### Feature Engineering Overview

This notebook performs the feature engineering process on the *Loan Portfolio* dataset.  
The objective is to transform and enrich the raw dataset prepared during the EDA stage to support subsequent KPI calculation and portfolio analysis.  
Αll transformations are aimed at improving data quality, interpretability, and aggregation readiness.


In [7]:
import numpy as np
import pandas as pd
import matplotlib.pyplot as plt
import seaborn as sns
import warnings
import re
import os

from pathlib import Path
from pathlib import Path
from sklearn.preprocessing import StandardScaler
from sklearn.preprocessing import LabelEncoder
import category_encoders as ce

In [8]:
PROJECT_ROOT = Path.cwd().parents[1]
DATA_DIR = PROJECT_ROOT / "data" / "processed"

# Create a working copy
df_eda = pd.read_csv(DATA_DIR / "eda_processed.csv")
fe = df_eda.copy()
print("Start shape:", fe.shape)


Start shape: (9989, 23)


### Ordinal Feature Encoding

Ordinal variables such as **loan term**, **Employment length**, **grade**, and **sub-grade** were converted into numeric scales that preserve their inherent ranking.  
This transformation enables consistent quantitative analysis, ensuring that the model interprets these features according to their natural order (e.g., longer terms imply higher duration risk, higher grades correspond to lower credit risk).  
By maintaining their ordinal structure, the encoded variables support more meaningful feature interactions and improve downstream model performance.

In [9]:
#Ordinal encodings (term, emp_length, grade, sub_grade)

# term → numeric months
if 'term' in fe.columns:
    fe['term_months'] = (
        fe['term'].astype(str).str.extract(r'(\d+)')[0].astype(float)
    ).astype('float32')

# Employment_length → years (e.g., "< 1 year" -> 0, "10+ years" -> 10)
if 'Employment_length' in fe.columns:
    def emp_len_to_years(x: str) -> float:
        if x is None or (isinstance(x, float) and np.isnan(x)): 
            return np.nan
        x = str(x).strip().lower()
        if x.startswith('<'):
            return 0.0
        m = re.search(r'(\d+)', x)
        if m:
            val = float(m.group(1))
            return 10.0 if '+' in x else val
        return np.nan
    fe['emp_length_years'] = fe['Employment_length'].apply(emp_len_to_years).astype('float32')

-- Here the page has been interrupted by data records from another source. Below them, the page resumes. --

(* Umbilicity in terms of real second derivatives: since kappa = 0 is required, umbilic points
   are exactly those where Y_zz is a complex multiple of Y, i.e. where W and X are multiples
   of Y. *)

lemma umbilic_iff_second_derivatives_parallel:
  "umbilic_at Y z \<longleftrightarrow>
     (\<exists>\<alpha>. du (du Y) z - dv (dv Y) z = \<alpha> *\<^sub>R Y z) \<and> (\<exists>\<beta>. du (dv Y) z = \<beta> *\<^sub>R Y z)"
proof -
  have "umbilic_at Y z \<longleftrightarrow> (\<exists>c. Dzz Y z = c *s cv (Y z))"
  proof
    assume "umbilic_at Y z"
    then obtain s where "Dzz Y z = (- s / 2) *s cv (Y z)" unfolding umbilic_at_def by auto
    then show "\<exists>c. Dzz Y z = c *s cv (Y z)" by blast
  next
    assume "\<exists>c. Dzz Y z = c *s cv (Y z)"
    then obtain c where "Dzz Y z = (- (- 2 * c) / 2) *s cv (Y z) + 0" by auto
    then show "umbilic_at Y z" unfolding umbilic_at_def by (intro exI[of _ "- 2 * c"] exI[of _ 0]) simp
  qed
  also have "\<dots> \<longleftrightarrow> (\<exists>\<alpha>. (1/4) *\<^sub>R (du (du Y) z - dv (dv Y) z) = \<alpha> *\<^sub>R Y z)
                      \<and> (\<exists>\<beta>. (- 1/2) *\<^sub>R du (dv Y) z = \<beta> *\<^sub>R Y z)"
    unfolding Dzz_def cv_combination by (rule complexified_parallel)
  also have "\<dots> \<longleftrightarrow> (\<exists>\<alpha>. du (du Y) z - dv (dv Y) z = \<alpha> *\<^sub>R Y z) \<and> (\<exists>\<beta>. du (dv Y) z = \<beta> *\<^sub>R Y z)"
    by (subst (1 2) parallel_scale_iff) simp_all
  finally show ?thesis .
qed

lemma du_on_real_axis:
  fixes F :: "complex \<Rightarrow> real^5" and F0 :: "real \<Rightarrow> real^5"
  assumes t: "t \<in> {a<..<b}" and F0: "(F0 has_vector_derivative D) (at t)"
    and eq: "\<And>s. s \<in> {a<..<b} \<Longrightarrow> F (of_real s) = F0 s"
  shows "du F (of_real t) = D"
proof -
  have "((\<lambda>s. t + s) has_vector_derivative 1) (at 0)"
    by (auto intro!: derivative_eq_intros)
  from vector_diff_chain_at[OF this] F0
  have "((F0 \<circ> (\<lambda>s. t + s)) has_vector_derivative D) (at 0)" by simp
  then have "((\<lambda>s. F (of_real t + of_real s)) has_vector_derivative D) (at 0)"
  proof (rule has_vector_derivative_transform_within_open[where S = "{a - t<..<b - t}"])
    fix s assume "s \<in> {a - t<..<b - t}"
    then show "(F0 \<circ> (\<lambda>s. t + s)) s = F (of_real t + of_real s)"
      using eq[of "t + s"] by simp
  qed (use t in auto)
  then show ?thesis by (simp add: du_def vector_derivative_at)
qed

lemma umbilic_iff_curvatures_vanish:
  assumes lift: "canonical_lift_on U Y" and gauss: "conformal_gauss_map_on U Y \<psi>" and z: "z \<in> U"
    and frame: "lightcone_frame (Y z) h p1 p2 (\<psi> z)"
    and Yu: "du Y z = - \<mu> *\<^sub>R Y z + p1"
    and \<psi>u: "du \<psi> z = - (2 * k1) *\<^sub>R p1 + (2 * k2) *\<^sub>R p2 + (4 * \<gamma>) *\<^sub>R Y z"
  shows "umbilic_at Y z \<longleftrightarrow> k1 = 0 \<and> k2 = 0"
proof -
  interpret lightcone_frame "Y z" h p1 p2 "\<psi> z" by (rule frame)
  define v where "v = dv Y z"
  note first = conformal_first_order[OF lift z, folded v_def]
  have Yu': "du Y z = p1 + (- \<mu>) *\<^sub>R Y z" using Yu by simp
  have vY: "lor (Y z) v = 0" using first(5) .
  have v: "lor (Y z) v = 0" "lor p1 v = 0" "lor (\<psi> z) v = 0" "lor v v = 1"
    using vY first(2,3) gauss z by (simp_all add: Yu v_def conformal_gauss_map_on_def)
  define \<sigma> where "\<sigma> = lor v p2"
  have "\<sigma> \<noteq> 0" using unit_normal_form(2)[OF v] by (auto simp: \<sigma>_def)
  have \<psi>u_v: "lor (du \<psi> z) v = 2 * k2 * \<sigma>"
    unfolding \<psi>u by (subst unit_normal_form(1)[OF v]) (simp add: products_sym \<sigma>_def lor_sym)
  have \<psi>u_Yu: "lor (du \<psi> z) (du Y z) = - 2 * k1"
    unfolding \<psi>u Yu by (simp add: products_sym)
  have criterion: "(\<exists>c. w = c *\<^sub>R Y z) \<longleftrightarrow> lor (\<psi> z) w = 0"
    if "lor (Y z) w = 0" "lor (du Y z) w = 0" "lor (dv Y z) w = 0" for w
    using normal_line_criterion[OF v, of w "- \<mu>"] that by (simp add: Yu' v_def)
  have "(\<exists>\<alpha>. du (du Y) z - dv (dv Y) z = \<alpha> *\<^sub>R Y z) \<longleftrightarrow> k1 = 0"
    using criterion[OF lift_second_order(1-3)[OF lift z]] gauss_second_order(1)[OF lift gauss z]
    by (simp add: \<psi>u_Yu del: lor_diff_right)
  moreover have "(\<exists>\<beta>. du (dv Y) z = \<beta> *\<^sub>R Y z) \<longleftrightarrow> k2 = 0"
    using criterion[OF lift_second_order(4-6)[OF lift z]] gauss_second_order(2)[OF lift gauss z]
      \<open>\<sigma> \<noteq> 0\<close> by (simp add: \<psi>u_v[unfolded v_def])
  ultimately show ?thesis by (simp add: umbilic_iff_second_derivatives_parallel)
qed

# grade → ordinal (A..G). Higher is better risk-wise (A highest)
if 'grade' in fe.columns:
    grade_order = {'g':1,'f':2,'e':3,'d':4,'c':5,'b':6,'a':7}
    fe['grade_ord'] = fe['grade'].astype(str).str.lower().map(grade_order).astype('float32')

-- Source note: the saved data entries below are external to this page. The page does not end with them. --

lemma inter_below_Min_empty:
  assumes "H \<inter> {0..t - 1} \<noteq> {}" "M \<le> Min (H \<inter> {0..t - 1})"
  shows "H \<inter> {0..M - 1} = {}"
proof (rule ccontr)
  assume "H \<inter> {0..M - 1} \<noteq> {}"
  then obtain x where x: "x \<in> H" "0 \<le> x" "x < M" by auto
  have "Min (H \<inter> {0..t - 1}) \<le> t - 1" using Min_in[OF finite_first_period assms(1)] by auto
  then have "x \<in> H \<inter> {0..t - 1}" using x assms(2) by auto
  then show False using x assms(2) Min_le[OF finite_first_period] by fastforce
qed

lemma inter_eq_first_period:
  assumes "H \<inter> {0..t - 1} \<noteq> {}" "Max (H \<inter> {0..t - 1}) < M" "M \<le> Min (H \<inter> {0..t - 1}) + t"
  shows "H \<inter> {0..M - 1} = H \<inter> {0..t - 1}"
proof (intro equalityI subsetI)
  fix x assume x: "x \<in> H \<inter> {0..M - 1}"
  show "x \<in> H \<inter> {0..t - 1}"
  proof (rule ccontr)
    assume "x \<notin> H \<inter> {0..t - 1}"
    then have "x - t \<in> H \<inter> {0..t - 1}"
      using x assms(3) periodic[of "x - t"] Min_in[OF finite_first_period assms(1)] by auto
    then have "Min (H \<inter> {0..t - 1}) \<le> x - t" by (rule Min_le[OF finite_first_period])
    then show False using x assms(3) by simp
  qed
next
  fix x assume x: "x \<in> H \<inter> {0..t - 1}"
  then have "x \<le> Max (H \<inter> {0..t - 1})" by (rule Max_ge[OF finite_first_period])
  then have "x < M" using assms(2) by linarith
  then show "x \<in> H \<inter> {0..M - 1}" using x by simp
qed

lemma inter_next_period:
  assumes "0 \<le> u"
  shows "H \<inter> {0..(u + 1) * t - 1} = (H \<inter> {0..u * t - 1}) \<union> (\<lambda>k. k + u * t) ` (H \<inter> {0..t - 1})"
proof (intro equalityI subsetI)
  fix x assume x: "x \<in> H \<inter> {0..(u + 1) * t - 1}"
  show "x \<in> (H \<inter> {0..u * t - 1}) \<union> (\<lambda>k. k + u * t) ` (H \<inter> {0..t - 1})"
  proof (cases "x < u * t")
    case False
    then have "x - u * t \<in> H \<inter> {0..t - 1}"
      using x periodic_mult[of "x - u * t" u] assms by (auto simp: algebra_simps)
    then show ?thesis by (auto intro: rev_image_eqI)
  qed (use x in auto)
next
  fix x assume x: "x \<in> (H \<inter> {0..u * t - 1}) \<union> (\<lambda>k. k + u * t) ` (H \<inter> {0..t - 1})"
  show "x \<in> H \<inter> {0..(u + 1) * t - 1}"
  proof (cases "x \<in> H \<inter> {0..u * t - 1}")
    case False
    then obtain j where "j \<in> H \<inter> {0..t - 1}" "x = j + u * t" using x by auto
    then show ?thesis using periodic_mult[of j u] assms period_pos by (auto simp: algebra_simps)
  qed (use assms period_pos in \<open>auto simp: algebra_simps\<close>)
qed

lemma sum_inter_periods:
  assumes "0 \<le> u"
  shows "\<Sum>(H \<inter> {0..u * t - 1})
    = u * \<Sum>(H \<inter> {0..t - 1}) + int (card (H \<inter> {0..t - 1})) * t * ((u - 1) * u div 2)"
  using assms
proof (induction u rule: int_ge_induct)
  case (step u)
  let ?J = "H \<inter> {0..t - 1}"
  have "(H \<inter> {0..u * t - 1}) \<inter> (\<lambda>k. k + u * t) ` ?J = {}" by auto
  then have "\<Sum>(H \<inter> {0..(u + 1) * t - 1}) = \<Sum>(H \<inter> {0..u * t - 1}) + (\<Sum>k\<in>?J. k + u * t)"
    unfolding inter_next_period[OF step.hyps] by (simp add: sum.union_disjoint sum.reindex)
  also have "(\<Sum>k\<in>?J. k + u * t) = \<Sum>?J + int (card ?J) * (u * t)"
    by (simp add: sum.distrib)
  finally show ?case using step.IH triangular_step[of u] by (simp add: algebra_simps)
qed simp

# sub_grade → ordinal A1..G5 → 1..35 (higher = better)
if 'sub_grade' in fe.columns:
    def subgrade_to_ord(x: str) -> float:
        if not isinstance(x, str) or len(x) < 2:
            return np.nan
        letter, num = x[0].upper(), x[1:]
        if letter not in 'ABCDEFG' or not num.isdigit():
            return np.nan
        base = (ord(letter) - ord('A')) * 5
        return float(base + int(num))  # A1..A5: 1..5, B1..B5: 6..10, ... G1..G5: 31..35
    fe['sub_grade_ord'] = fe['sub_grade'].apply(subgrade_to_ord).astype('float32')

added = [c for c in fe.columns if c.endswith(('_months','_years','_ord'))]
print("Added (ordinal):", added)
print("Shape:", fe.shape)


Added (ordinal): ['term_months', 'emp_length_years', 'grade_ord', 'sub_grade_ord']
Shape: (9989, 27)


### Date Decomposition

Date fields (e.g., issue date, last payment date, settlement date) are decomposed into separate **year** and **month** components.  
This transformation allows time-based grouping, trend analysis, and the derivation of temporal metrics such as credit history age.


In [10]:
# Date decomposition (year, month, optional ages)

date_cols = [
    'issue_d','earliest_cr_line','last_pymnt_d',
    'next_pymnt_d','last_credit_pull_d',
    'debt_settlement_flag_date','settlement_date',
    'sec_app_earliest_cr_line'
]

# LendingClub dates look like "Dec-2015"
FMT = "%b-%Y"

with warnings.catch_warnings():
    warnings.simplefilter("ignore", UserWarning)  # silence the “Could not infer format” spam
    for col in date_cols:
        if col in fe.columns:
            # strip just in case and parse with explicit format
            dt = pd.to_datetime(fe[col].astype(str).str.strip(), format=FMT, errors="coerce")
            fe[col + "_year"]  = dt.dt.year.astype("float32")
            fe[col + "_month"] = dt.dt.month.astype("float32")

print("Done parsing year/month. Shape:", fe.shape)

Done parsing year/month. Shape: (9989, 31)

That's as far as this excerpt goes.